■ AIM OF THE TASK: Where the listing below reaches the line containing "using assms by (auto", start writing out lines exactly, and stop once the line containing "unfolding eventually_at_filter" has been written.

■ RAW DATA:
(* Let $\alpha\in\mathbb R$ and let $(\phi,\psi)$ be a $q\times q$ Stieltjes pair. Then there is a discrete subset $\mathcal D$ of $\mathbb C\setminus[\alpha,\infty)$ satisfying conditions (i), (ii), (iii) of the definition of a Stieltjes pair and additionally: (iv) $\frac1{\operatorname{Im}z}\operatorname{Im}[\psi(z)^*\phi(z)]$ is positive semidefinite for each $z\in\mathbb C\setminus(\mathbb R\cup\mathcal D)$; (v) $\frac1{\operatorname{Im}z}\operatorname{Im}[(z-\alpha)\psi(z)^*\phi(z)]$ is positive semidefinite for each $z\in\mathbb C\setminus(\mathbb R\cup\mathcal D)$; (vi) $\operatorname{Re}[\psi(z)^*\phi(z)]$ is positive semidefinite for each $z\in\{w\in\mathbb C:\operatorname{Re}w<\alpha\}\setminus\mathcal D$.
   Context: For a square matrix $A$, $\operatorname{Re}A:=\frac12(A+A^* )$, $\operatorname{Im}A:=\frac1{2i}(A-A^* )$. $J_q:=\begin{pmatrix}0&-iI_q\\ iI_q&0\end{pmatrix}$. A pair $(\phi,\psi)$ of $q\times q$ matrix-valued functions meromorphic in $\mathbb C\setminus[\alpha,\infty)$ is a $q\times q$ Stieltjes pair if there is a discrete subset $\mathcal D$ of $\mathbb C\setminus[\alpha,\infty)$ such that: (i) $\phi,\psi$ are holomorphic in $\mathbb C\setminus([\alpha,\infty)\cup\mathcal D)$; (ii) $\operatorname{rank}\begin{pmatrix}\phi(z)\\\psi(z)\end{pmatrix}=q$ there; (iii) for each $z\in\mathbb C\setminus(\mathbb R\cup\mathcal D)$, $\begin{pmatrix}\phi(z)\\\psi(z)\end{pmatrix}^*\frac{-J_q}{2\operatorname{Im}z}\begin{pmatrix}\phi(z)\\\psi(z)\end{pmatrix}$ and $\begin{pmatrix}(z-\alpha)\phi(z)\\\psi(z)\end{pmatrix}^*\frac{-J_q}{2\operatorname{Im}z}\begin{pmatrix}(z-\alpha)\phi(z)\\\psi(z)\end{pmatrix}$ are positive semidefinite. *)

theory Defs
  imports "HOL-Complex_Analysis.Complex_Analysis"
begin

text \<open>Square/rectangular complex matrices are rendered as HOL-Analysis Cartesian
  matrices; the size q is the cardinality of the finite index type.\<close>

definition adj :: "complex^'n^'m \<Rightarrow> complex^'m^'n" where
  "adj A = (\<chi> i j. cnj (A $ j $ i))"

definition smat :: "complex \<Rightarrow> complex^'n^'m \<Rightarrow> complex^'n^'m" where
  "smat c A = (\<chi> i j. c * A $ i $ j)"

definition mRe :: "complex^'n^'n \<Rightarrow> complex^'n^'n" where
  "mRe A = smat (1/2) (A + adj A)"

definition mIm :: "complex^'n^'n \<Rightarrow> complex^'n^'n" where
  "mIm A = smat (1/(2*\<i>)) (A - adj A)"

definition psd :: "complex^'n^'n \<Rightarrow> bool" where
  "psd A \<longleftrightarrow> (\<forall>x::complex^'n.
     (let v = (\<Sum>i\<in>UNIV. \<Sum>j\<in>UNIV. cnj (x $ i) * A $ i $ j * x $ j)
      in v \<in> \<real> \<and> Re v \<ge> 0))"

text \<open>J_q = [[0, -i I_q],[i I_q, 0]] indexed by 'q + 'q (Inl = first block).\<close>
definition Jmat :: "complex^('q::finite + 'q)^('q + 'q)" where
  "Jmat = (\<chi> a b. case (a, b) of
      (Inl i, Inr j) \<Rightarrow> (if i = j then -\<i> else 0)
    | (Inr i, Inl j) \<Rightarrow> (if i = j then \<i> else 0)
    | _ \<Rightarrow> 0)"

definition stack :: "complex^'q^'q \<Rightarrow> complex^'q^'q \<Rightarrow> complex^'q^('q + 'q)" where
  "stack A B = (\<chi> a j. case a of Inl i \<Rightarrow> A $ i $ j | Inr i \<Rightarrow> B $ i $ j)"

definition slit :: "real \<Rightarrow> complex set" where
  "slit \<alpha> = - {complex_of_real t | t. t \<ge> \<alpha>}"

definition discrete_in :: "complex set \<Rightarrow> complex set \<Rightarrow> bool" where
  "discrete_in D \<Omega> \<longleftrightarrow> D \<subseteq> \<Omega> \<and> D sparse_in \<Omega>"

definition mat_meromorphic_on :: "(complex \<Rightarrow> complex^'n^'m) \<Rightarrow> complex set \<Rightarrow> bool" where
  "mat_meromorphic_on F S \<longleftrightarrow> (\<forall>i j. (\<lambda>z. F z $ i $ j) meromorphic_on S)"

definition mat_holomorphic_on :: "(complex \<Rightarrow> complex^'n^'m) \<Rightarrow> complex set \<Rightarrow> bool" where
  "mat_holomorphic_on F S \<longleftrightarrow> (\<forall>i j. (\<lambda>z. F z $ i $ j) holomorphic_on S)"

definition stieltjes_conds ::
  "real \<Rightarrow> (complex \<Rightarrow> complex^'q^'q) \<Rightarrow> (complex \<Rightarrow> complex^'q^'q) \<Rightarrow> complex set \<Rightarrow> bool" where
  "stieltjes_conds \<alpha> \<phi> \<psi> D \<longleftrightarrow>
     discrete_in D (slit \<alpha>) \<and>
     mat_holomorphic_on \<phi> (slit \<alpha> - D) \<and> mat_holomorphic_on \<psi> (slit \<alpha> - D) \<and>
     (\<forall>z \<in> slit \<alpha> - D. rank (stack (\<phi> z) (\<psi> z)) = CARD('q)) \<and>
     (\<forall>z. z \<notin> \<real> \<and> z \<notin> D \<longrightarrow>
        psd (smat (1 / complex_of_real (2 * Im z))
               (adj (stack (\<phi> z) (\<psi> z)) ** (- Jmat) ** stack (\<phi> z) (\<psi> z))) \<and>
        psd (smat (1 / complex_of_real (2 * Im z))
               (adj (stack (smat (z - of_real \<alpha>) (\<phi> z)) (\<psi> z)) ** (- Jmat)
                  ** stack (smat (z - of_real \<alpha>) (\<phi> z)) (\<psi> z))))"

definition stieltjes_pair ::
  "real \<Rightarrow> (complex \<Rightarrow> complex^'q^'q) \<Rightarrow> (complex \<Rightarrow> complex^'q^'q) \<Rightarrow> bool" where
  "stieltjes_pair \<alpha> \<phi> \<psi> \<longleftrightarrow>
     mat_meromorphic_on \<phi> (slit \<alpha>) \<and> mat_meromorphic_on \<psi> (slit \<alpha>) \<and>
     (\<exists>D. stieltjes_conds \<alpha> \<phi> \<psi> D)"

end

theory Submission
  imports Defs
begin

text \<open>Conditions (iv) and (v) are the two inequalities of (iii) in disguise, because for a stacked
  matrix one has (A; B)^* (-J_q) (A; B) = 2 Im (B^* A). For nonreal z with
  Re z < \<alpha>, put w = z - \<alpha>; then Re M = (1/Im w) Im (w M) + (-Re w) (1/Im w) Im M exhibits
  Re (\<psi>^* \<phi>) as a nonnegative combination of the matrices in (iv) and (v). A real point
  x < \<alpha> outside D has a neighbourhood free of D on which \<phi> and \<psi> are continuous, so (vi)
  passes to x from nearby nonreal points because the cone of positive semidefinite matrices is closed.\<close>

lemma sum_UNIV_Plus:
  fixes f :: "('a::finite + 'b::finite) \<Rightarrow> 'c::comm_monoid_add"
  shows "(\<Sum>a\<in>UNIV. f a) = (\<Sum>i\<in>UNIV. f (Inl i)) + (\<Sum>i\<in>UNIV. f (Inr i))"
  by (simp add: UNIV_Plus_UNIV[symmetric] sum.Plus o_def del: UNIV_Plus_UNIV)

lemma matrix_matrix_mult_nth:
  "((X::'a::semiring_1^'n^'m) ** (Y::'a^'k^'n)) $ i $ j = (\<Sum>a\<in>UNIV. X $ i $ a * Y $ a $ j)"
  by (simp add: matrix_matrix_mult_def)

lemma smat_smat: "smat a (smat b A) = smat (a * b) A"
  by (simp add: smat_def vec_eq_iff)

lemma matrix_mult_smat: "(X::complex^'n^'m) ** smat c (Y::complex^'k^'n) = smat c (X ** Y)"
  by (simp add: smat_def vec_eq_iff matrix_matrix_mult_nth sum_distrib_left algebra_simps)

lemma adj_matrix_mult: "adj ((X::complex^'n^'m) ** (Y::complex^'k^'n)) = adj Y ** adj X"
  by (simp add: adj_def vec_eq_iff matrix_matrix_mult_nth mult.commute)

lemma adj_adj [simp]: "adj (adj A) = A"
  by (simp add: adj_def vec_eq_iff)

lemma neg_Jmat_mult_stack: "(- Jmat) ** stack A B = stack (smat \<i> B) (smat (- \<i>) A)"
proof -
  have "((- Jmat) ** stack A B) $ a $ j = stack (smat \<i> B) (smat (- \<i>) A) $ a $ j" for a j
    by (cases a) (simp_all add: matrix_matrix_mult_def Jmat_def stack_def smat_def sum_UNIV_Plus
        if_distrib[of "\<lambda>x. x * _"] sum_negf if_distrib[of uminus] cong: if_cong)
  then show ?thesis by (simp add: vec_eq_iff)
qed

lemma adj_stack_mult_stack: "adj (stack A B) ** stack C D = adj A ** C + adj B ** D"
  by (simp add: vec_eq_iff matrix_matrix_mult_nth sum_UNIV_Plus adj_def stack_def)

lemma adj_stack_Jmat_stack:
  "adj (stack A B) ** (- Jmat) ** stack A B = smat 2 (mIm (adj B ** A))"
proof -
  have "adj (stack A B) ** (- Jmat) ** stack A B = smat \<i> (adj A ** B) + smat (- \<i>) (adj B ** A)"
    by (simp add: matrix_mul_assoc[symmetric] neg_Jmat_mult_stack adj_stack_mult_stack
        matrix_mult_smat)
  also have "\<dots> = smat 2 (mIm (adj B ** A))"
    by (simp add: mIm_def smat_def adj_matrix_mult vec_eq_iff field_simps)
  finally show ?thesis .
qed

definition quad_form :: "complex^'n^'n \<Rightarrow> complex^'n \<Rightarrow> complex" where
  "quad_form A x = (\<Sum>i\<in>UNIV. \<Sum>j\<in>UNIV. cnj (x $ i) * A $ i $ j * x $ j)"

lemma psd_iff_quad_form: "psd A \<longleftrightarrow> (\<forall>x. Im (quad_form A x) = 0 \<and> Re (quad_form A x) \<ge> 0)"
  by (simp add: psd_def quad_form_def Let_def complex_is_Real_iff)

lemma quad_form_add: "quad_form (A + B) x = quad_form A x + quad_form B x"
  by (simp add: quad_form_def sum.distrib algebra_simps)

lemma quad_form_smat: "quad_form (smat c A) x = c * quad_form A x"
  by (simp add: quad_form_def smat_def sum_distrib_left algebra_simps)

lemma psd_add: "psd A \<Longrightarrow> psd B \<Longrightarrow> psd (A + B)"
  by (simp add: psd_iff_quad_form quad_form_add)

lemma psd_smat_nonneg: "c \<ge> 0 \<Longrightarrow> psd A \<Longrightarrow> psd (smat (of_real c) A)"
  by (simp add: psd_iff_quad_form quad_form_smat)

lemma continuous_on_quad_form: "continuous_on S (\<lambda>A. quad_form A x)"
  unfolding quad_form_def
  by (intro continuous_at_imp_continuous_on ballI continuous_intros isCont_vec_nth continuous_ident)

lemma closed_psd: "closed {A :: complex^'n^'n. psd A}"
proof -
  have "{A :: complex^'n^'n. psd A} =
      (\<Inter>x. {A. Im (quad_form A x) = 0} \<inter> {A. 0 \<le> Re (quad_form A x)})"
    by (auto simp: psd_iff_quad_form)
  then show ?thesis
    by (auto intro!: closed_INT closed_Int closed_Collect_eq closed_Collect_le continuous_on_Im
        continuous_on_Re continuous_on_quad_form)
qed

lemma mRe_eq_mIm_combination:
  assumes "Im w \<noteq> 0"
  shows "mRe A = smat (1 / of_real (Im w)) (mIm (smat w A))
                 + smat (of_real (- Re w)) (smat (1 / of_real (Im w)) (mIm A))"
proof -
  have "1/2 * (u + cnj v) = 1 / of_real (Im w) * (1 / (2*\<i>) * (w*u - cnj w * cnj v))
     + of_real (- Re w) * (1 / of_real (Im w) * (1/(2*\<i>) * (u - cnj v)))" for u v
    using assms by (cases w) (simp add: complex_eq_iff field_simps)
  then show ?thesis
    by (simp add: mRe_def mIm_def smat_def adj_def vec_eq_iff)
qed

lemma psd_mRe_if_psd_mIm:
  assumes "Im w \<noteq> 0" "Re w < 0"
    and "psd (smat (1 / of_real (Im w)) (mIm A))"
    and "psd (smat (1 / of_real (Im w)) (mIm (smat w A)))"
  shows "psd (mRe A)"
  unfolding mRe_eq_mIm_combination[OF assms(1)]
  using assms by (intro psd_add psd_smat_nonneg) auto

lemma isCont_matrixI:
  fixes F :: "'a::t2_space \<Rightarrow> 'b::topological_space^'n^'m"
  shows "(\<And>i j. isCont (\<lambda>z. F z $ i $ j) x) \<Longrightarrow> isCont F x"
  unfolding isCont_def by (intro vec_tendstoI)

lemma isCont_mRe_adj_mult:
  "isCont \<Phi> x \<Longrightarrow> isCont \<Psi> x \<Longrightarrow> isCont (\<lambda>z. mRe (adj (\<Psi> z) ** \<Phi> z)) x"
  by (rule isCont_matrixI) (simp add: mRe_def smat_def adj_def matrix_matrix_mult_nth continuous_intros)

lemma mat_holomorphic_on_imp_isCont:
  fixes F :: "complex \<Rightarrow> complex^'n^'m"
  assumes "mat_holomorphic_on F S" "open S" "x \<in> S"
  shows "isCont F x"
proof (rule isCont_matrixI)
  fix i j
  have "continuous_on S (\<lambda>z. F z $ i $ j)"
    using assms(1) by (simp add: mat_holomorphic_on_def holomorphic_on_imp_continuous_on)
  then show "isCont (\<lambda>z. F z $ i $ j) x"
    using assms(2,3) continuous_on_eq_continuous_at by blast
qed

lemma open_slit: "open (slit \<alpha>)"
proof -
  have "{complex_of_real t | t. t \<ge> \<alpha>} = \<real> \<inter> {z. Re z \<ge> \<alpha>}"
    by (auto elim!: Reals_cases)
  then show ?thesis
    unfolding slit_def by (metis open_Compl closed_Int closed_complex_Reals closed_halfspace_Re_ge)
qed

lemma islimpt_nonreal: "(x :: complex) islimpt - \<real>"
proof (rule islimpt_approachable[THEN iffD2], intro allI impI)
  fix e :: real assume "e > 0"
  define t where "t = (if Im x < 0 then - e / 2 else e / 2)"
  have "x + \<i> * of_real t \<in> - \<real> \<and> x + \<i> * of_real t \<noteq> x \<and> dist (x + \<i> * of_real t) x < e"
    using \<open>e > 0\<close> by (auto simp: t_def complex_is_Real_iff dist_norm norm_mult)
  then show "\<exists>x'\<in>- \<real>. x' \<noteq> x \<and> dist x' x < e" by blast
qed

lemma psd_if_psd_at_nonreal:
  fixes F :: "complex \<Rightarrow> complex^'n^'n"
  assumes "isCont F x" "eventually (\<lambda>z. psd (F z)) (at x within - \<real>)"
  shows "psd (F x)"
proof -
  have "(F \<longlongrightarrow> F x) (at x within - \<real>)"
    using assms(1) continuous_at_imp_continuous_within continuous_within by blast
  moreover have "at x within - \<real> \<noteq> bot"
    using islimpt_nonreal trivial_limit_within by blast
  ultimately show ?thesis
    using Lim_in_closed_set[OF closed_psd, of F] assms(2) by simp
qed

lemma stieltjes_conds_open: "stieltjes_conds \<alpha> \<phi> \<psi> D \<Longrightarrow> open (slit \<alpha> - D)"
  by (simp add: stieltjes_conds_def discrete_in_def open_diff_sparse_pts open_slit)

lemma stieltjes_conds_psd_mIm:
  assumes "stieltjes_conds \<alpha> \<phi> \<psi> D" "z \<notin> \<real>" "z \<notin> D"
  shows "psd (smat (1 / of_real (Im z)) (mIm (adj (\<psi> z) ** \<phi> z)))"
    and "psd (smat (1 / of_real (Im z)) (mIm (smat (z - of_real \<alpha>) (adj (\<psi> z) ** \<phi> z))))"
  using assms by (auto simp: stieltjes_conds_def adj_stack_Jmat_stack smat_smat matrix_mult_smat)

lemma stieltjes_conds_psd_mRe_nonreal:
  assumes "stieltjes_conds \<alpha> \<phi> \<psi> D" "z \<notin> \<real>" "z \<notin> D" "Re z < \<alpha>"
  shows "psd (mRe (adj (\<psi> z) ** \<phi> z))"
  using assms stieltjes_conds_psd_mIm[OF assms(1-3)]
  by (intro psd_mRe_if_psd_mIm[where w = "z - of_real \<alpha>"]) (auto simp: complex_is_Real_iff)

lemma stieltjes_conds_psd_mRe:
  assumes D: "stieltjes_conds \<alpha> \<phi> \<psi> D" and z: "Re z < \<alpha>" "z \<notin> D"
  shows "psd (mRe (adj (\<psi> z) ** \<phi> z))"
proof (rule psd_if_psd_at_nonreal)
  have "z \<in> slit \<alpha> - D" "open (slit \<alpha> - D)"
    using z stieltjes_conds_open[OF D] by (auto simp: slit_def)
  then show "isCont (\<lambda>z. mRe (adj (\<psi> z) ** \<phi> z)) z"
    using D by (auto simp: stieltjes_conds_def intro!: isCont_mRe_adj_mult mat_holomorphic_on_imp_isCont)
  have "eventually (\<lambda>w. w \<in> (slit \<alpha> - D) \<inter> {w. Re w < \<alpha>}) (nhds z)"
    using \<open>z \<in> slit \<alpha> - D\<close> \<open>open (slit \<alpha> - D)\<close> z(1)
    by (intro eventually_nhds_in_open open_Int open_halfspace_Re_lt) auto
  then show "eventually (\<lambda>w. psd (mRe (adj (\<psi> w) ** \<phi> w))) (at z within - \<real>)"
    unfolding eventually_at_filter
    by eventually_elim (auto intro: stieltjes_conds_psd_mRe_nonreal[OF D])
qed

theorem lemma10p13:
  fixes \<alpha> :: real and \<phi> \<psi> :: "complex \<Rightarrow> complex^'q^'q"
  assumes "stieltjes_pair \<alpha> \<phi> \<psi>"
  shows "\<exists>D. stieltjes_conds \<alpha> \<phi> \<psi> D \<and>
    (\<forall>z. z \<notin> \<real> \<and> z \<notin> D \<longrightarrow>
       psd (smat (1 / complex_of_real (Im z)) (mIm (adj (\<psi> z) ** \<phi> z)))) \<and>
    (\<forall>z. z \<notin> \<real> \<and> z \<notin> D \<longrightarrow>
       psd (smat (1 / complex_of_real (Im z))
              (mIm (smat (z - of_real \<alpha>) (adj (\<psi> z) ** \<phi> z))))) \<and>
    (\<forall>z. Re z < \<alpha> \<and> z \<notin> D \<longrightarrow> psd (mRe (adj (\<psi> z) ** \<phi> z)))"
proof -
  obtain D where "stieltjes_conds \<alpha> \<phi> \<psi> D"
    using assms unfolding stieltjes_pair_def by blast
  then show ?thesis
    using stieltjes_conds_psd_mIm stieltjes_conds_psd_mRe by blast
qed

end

■ RESPONSE BOX:
  using assms by (auto simp: stieltjes_conds_def adj_stack_Jmat_stack smat_smat matrix_mult_smat)

lemma stieltjes_conds_psd_mRe_nonreal:
  assumes "stieltjes_conds \<alpha> \<phi> \<psi> D" "z \<notin> \<real>" "z \<notin> D" "Re z < \<alpha>"
  shows "psd (mRe (adj (\<psi> z) ** \<phi> z))"
  using assms stieltjes_conds_psd_mIm[OF assms(1-3)]
  by (intro psd_mRe_if_psd_mIm[where w = "z - of_real \<alpha>"]) (auto simp: complex_is_Real_iff)

lemma stieltjes_conds_psd_mRe:
  assumes D: "stieltjes_conds \<alpha> \<phi> \<psi> D" and z: "Re z < \<alpha>" "z \<notin> D"
  shows "psd (mRe (adj (\<psi> z) ** \<phi> z))"
proof (rule psd_if_psd_at_nonreal)
  have "z \<in> slit \<alpha> - D" "open (slit \<alpha> - D)"
    using z stieltjes_conds_open[OF D] by (auto simp: slit_def)
  then show "isCont (\<lambda>z. mRe (adj (\<psi> z) ** \<phi> z)) z"
    using D by (auto simp: stieltjes_conds_def intro!: isCont_mRe_adj_mult mat_holomorphic_on_imp_isCont)
  have "eventually (\<lambda>w. w \<in> (slit \<alpha> - D) \<inter> {w. Re w < \<alpha>}) (nhds z)"
    using \<open>z \<in> slit \<alpha> - D\<close> \<open>open (slit \<alpha> - D)\<close> z(1)
    by (intro eventually_nhds_in_open open_Int open_halfspace_Re_lt) auto
  then show "eventually (\<lambda>w. psd (mRe (adj (\<psi> w) ** \<phi> w))) (at z within - \<real>)"
    unfolding eventually_at_filter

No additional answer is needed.